Extracted data entries:
=== Begin Enclosure ===

definition is_obdd :: "bdd \<Rightarrow> bool" where
  "is_obdd G \<longleftrightarrow>
     finite (nodes G)
   \<and> (\<forall>n1\<in>nodes G. \<forall>n2\<in>nodes G. uid_of n1 = uid_of n2 \<longrightarrow> n1 = n2)
   \<and> (\<forall>n\<in>nodes G. valid_child (nodes G) (label_of n) (low_of n)
                 \<and> valid_child (nodes G) (label_of n) (high_of n))
   \<and> (case root G of Leaf _ \<Rightarrow> nodes G = {}
       | Node u \<Rightarrow> (\<exists>n\<in>nodes G. uid_of n = u))
   \<and> (\<forall>n\<in>nodes G. reach (nodes G) (root G) (uid_of n))"

definition is_robdd :: "bdd \<Rightarrow> bool" where
  "is_robdd G \<longleftrightarrow> is_obdd G
   \<and> (\<forall>n\<in>nodes G. low_of n \<noteq> high_of n)
   \<and> (\<forall>n1\<in>nodes G. \<forall>n2\<in>nodes G.
        label_of n1 = label_of n2 \<and> low_of n1 = low_of n2 \<and> high_of n1 = high_of n2
        \<longrightarrow> n1 = n2)"

inductive bdd_eval :: "node set \<Rightarrow> (nat \<Rightarrow> bool) \<Rightarrow> ptr \<Rightarrow> bool \<Rightarrow> bool" for N a where
  leaf: "bdd_eval N a (Leaf b) b"
| node: "((i, k), l, h) \<in> N \<Longrightarrow> bdd_eval N a (if a i then h else l) b
           \<Longrightarrow> bdd_eval N a (Node (i, k)) b"

definition represents :: "bdd \<Rightarrow> ((nat \<Rightarrow> bool) \<Rightarrow> bool) \<Rightarrow> bool" where
  "represents G f \<longleftrightarrow> (\<forall>a. bdd_eval (nodes G) a (root G) (f a))"

definition level_ids :: "bdd \<Rightarrow> nat \<Rightarrow> nat set" where
  "level_ids G i = {k. \<exists>n\<in>nodes G. uid_of n = (i, k)}"

definition compact_ids :: "bdd \<Rightarrow> bool" where
  "compact_ids G \<longleftrightarrow> (\<forall>i. level_ids G i = {0..<card (level_ids G i)})"

definition respects_order :: "bdd \<Rightarrow> bool" where
  "respects_order G \<longleftrightarrow>
     (\<forall>n1\<in>nodes G. \<forall>n2\<in>nodes G. label_of n1 = label_of n2 \<longrightarrow>
        (snd (uid_of n1) < snd (uid_of n2) \<longleftrightarrow>
           (ptr_less (low_of n1) (low_of n2)
            \<or> (low_of n1 = low_of n2 \<and> ptr_less (high_of n1) (high_of n2)))))"

definition level_nodes :: "bdd \<Rightarrow> nat \<Rightarrow> node list" where
  "level_nodes G i =
     map (\<lambda>k. THE n. n \<in> nodes G \<and> uid_of n = (i, k)) (sorted_list_of_set (level_ids G i))"

definition jth_node :: "bdd \<Rightarrow> nat \<Rightarrow> nat \<Rightarrow> node option" where
  "jth_node G i j = (if j < length (level_nodes G i) then Some (level_nodes G i ! j) else None)"

end

theory Submission
  imports Defs
begin

text \<open>
  In a reduced OBDD the function denoted by a pointer determines the pointer. This follows by
  downward induction over the levels: a node on level k depends essentially on x_k, because its
  two children are distinct and hence, inductively, denote distinct functions, whereas no
  pointer to a deeper level depends on x_k; two nodes on level k with the same function have the
  same cofactors, hence the same children, hence coincide.

  Consequently the functions of the nodes on level k of an ROBDD for f are exactly the
  subfunctions of f obtained by fixing x_0, ..., x_(k-1) that depend essentially on x_k. For two
  ROBDDs for f whose nodes agree on all levels deeper than k, every node on level k of one thus
  has a node with the same children on level k of the other. Compact identifiers respecting the
  extended ordering make the identifier of a node the number of child pairs on its level that
  are smaller than its own, so the nodes on level k agree as well. Conversely, equal node sets
  and equal roots evaluate identically, and the roots agree as soon as they are both internal
  or both the same leaf, since every node is reachable from the root.
\<close>

section \<open>Well-formed and reduced node sets\<close>

definition valid_ptr :: "node set \<Rightarrow> ptr \<Rightarrow> bool" where
  "valid_ptr N p \<longleftrightarrow> (case p of Leaf _ \<Rightarrow> True | Node u \<Rightarrow> (\<exists>l h. (u, l, h) \<in> N))"

text \<open>Leaves count as lying on every level.\<close>
definition level_ge :: "nat \<Rightarrow> ptr \<Rightarrow> bool" where
  "level_ge k p \<longleftrightarrow> (case p of Leaf _ \<Rightarrow> True | Node u \<Rightarrow> k \<le> fst u)"

definition wf_nodes :: "node set \<Rightarrow> bool" where
  "wf_nodes N \<longleftrightarrow> finite N
     \<and> (\<forall>u l h l' h'. (u, l, h) \<in> N \<longrightarrow> (u, l', h') \<in> N \<longrightarrow> l' = l \<and> h' = h)
     \<and> (\<forall>u l h. (u, l, h) \<in> N \<longrightarrow> valid_ptr N l \<and> valid_ptr N h
          \<and> level_ge (Suc (fst u)) l \<and> level_ge (Suc (fst u)) h)"

definition reduced :: "node set \<Rightarrow> bool" where
  "reduced N \<longleftrightarrow> wf_nodes N
     \<and> (\<forall>u l h. (u, l, h) \<in> N \<longrightarrow> l \<noteq> h)
     \<and> (\<forall>u v l h. (u, l, h) \<in> N \<longrightarrow> (v, l, h) \<in> N \<longrightarrow> fst u = fst v \<longrightarrow> u = v)"

definition ptrs_from :: "node set \<Rightarrow> nat \<Rightarrow> ptr set" where
  "ptrs_from N k = {p. valid_ptr N p \<and> level_ge k p}"

lemma valid_ptr_simps [simp]:
  "valid_ptr N (Leaf b)"
  "valid_ptr N (Node u) \<longleftrightarrow> (\<exists>l h. (u, l, h) \<in> N)"
  by (simp_all add: valid_ptr_def)

lemma level_ge_simps [simp]:
  "level_ge k (Leaf b)"
  "level_ge k (Node u) \<longleftrightarrow> k \<le> fst u"
  by (simp_all add: level_ge_def)

lemma level_ge_0 [simp]: "level_ge 0 p"
  by (cases p) simp_all

lemma ptrs_from_0 [simp]: "ptrs_from N 0 = {p. valid_ptr N p}"
  by (simp add: ptrs_from_def)

lemma wf_nodes_finite: "wf_nodes N \<Longrightarrow> finite N"
  by (simp add: wf_nodes_def)

lemma wf_nodes_unique: "wf_nodes N \<Longrightarrow> (u, l, h) \<in> N \<Longrightarrow> (u, l', h') \<in> N \<Longrightarrow> l' = l \<and> h' = h"
  unfolding wf_nodes_def by blast

lemma inj_on_fst_nodes: "wf_nodes N \<Longrightarrow> inj_on fst N"
  unfolding inj_on_def by (metis prod.collapse wf_nodes_unique)

lemma wf_nodes_children:
  assumes "wf_nodes N" and "(u, l, h) \<in> N"
  shows "valid_ptr N l" "valid_ptr N h" "level_ge (Suc (fst u)) l" "level_ge (Suc (fst u)) h"
  using assms unfolding wf_nodes_def by blast+

lemma reduced_wf_nodes: "reduced N \<Longrightarrow> wf_nodes N"
  by (simp add: reduced_def)

lemma reduced_children_neq: "reduced N \<Longrightarrow> (u, l, h) \<in> N \<Longrightarrow> l \<noteq> h"
  unfolding reduced_def by blast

=== End Enclosure ===

THE TASK:
Output the first line of the entries above and every line after it, exactly as written, ending with the line that contains "n2 \<longrightarrow> n1 = n2)".

WRITTEN RESPONSE:
definition is_obdd :: "bdd \<Rightarrow> bool" where
  "is_obdd G \<longleftrightarrow>
     finite (nodes G)
   \<and> (\<forall>n1\<in>nodes G. \<forall>n2\<in>nodes G. uid_of n1 = uid_of n2 \<longrightarrow> n1 = n2)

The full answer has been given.